For the entries below, the result should be an exact transcription of the lines from the one with "0 \<Longrightarrow> big c1" up to and including the one with "n = (\<lambda>a.", and only those.

::::

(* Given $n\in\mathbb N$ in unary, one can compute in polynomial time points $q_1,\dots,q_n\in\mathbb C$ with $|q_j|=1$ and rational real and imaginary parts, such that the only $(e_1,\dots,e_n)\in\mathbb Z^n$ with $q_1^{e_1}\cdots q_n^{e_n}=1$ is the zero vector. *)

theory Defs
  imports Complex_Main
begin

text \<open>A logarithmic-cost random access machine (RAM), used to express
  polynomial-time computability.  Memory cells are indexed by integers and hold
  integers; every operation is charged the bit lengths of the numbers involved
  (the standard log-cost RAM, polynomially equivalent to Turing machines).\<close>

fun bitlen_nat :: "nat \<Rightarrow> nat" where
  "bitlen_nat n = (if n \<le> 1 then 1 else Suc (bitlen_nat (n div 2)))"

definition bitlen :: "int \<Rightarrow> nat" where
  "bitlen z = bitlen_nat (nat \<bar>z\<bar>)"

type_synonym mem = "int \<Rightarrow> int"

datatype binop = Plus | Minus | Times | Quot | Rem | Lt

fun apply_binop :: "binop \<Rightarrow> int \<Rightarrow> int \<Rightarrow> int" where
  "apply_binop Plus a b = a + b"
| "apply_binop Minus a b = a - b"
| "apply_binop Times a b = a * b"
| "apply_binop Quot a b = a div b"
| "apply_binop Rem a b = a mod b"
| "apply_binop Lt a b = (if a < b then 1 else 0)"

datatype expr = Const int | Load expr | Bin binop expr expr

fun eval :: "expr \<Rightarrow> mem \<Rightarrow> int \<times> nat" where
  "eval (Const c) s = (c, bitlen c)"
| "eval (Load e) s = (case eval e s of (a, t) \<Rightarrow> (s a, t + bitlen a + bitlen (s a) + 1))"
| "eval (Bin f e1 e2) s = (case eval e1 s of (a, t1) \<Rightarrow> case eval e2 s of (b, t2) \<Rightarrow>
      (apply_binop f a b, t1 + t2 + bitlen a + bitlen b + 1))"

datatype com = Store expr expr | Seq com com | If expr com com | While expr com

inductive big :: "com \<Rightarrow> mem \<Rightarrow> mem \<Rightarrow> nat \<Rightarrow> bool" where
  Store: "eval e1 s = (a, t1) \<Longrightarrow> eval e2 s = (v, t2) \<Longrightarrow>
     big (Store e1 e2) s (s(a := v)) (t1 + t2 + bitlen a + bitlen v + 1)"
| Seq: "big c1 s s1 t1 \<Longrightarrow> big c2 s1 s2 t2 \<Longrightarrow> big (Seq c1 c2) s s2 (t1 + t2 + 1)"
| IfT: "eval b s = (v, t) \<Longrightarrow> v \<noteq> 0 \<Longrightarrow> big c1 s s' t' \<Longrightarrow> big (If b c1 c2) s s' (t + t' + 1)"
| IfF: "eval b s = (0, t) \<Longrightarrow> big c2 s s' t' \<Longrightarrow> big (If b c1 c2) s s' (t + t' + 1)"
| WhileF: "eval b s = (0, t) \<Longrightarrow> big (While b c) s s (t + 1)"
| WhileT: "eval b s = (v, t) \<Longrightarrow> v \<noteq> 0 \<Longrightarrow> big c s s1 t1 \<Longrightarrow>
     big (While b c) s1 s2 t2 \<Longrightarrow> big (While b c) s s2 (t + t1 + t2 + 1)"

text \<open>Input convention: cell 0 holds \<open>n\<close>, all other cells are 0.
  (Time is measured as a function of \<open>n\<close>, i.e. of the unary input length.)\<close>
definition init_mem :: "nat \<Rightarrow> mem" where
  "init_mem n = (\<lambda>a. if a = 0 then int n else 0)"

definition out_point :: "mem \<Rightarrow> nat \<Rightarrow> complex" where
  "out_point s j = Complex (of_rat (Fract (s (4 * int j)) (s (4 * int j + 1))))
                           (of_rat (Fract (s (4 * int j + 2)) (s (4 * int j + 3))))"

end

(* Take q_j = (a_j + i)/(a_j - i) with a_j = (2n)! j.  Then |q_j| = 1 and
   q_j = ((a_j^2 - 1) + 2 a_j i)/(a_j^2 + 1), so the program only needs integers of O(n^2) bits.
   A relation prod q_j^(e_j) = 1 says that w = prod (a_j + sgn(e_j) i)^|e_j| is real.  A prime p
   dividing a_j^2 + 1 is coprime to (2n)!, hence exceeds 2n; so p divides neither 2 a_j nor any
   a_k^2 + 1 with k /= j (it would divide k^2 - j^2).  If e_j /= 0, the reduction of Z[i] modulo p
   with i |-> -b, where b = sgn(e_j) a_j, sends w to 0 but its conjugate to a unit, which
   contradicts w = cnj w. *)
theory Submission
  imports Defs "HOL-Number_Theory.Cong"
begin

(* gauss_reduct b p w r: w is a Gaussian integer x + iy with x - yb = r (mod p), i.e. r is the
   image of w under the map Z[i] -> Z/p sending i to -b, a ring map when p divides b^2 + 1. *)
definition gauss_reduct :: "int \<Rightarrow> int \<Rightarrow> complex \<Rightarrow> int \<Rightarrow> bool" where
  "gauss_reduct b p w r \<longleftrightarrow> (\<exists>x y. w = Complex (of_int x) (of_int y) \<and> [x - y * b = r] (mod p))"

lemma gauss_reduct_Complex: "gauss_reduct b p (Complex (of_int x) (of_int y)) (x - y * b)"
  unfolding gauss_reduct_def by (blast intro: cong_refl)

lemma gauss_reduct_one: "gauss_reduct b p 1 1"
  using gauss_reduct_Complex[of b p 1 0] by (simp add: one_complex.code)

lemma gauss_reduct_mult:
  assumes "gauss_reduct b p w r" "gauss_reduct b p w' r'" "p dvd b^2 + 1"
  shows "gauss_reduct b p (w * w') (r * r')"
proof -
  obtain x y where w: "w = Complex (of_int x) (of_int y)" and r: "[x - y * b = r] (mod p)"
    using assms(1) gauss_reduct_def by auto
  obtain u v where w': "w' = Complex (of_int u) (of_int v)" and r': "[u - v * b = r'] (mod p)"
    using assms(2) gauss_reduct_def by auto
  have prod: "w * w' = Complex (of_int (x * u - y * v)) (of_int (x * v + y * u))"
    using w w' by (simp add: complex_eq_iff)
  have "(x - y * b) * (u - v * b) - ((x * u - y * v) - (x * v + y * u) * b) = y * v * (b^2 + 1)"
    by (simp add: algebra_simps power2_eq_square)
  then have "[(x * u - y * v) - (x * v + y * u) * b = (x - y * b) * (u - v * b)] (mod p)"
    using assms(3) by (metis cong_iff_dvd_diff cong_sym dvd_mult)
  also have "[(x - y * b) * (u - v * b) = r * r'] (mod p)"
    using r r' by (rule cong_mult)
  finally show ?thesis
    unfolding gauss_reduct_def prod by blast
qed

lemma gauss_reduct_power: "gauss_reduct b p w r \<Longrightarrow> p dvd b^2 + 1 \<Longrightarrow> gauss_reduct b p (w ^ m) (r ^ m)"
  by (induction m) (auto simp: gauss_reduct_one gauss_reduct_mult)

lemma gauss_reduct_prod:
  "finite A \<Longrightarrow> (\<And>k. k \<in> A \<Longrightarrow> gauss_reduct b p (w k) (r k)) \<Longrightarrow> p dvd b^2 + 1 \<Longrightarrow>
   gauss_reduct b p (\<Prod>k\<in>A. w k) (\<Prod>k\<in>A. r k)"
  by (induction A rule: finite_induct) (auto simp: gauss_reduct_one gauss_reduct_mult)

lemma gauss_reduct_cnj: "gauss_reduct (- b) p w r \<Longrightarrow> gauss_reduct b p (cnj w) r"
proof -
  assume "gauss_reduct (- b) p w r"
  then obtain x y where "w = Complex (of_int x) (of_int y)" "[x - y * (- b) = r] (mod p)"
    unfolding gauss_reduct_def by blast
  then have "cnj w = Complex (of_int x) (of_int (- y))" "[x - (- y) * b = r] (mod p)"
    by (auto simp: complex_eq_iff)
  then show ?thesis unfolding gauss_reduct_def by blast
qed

::::

Task output.
| IfT: "eval b s = (v, t) \<Longrightarrow> v \<noteq> 0 \<Longrightarrow> big c1 s s' t' \<Longrightarrow> big (If b c1 c2) s s' (t + t' + 1)"
| IfF: "eval b s = (0, t) \<Longrightarrow> big c2 s s' t' \<Longrightarrow> big (If b c1 c2) s s' (t + t' + 1)"
| WhileF: "eval b s = (0, t) \<Longrightarrow> big (While b c) s s (t + 1)"
| WhileT: "eval b s = (v, t) \<Longrightarrow> v \<noteq> 0 \<Longrightarrow> big c s s1 t1 \<Longrightarrow>
     big (While b c) s1 s2 t2 \<Longrightarrow> big (While b c) s s2 (t + t1 + t2 + 1)"

text \<open>Input convention: cell 0 holds \<open>n\<close>, all other cells are 0.
  (Time is measured as a function of \<open>n\<close>, i.e. of the unary input length.)\<close>
definition init_mem :: "nat \<Rightarrow> mem" where
  "init_mem n = (\<lambda>a. if a = 0 then int n else 0)"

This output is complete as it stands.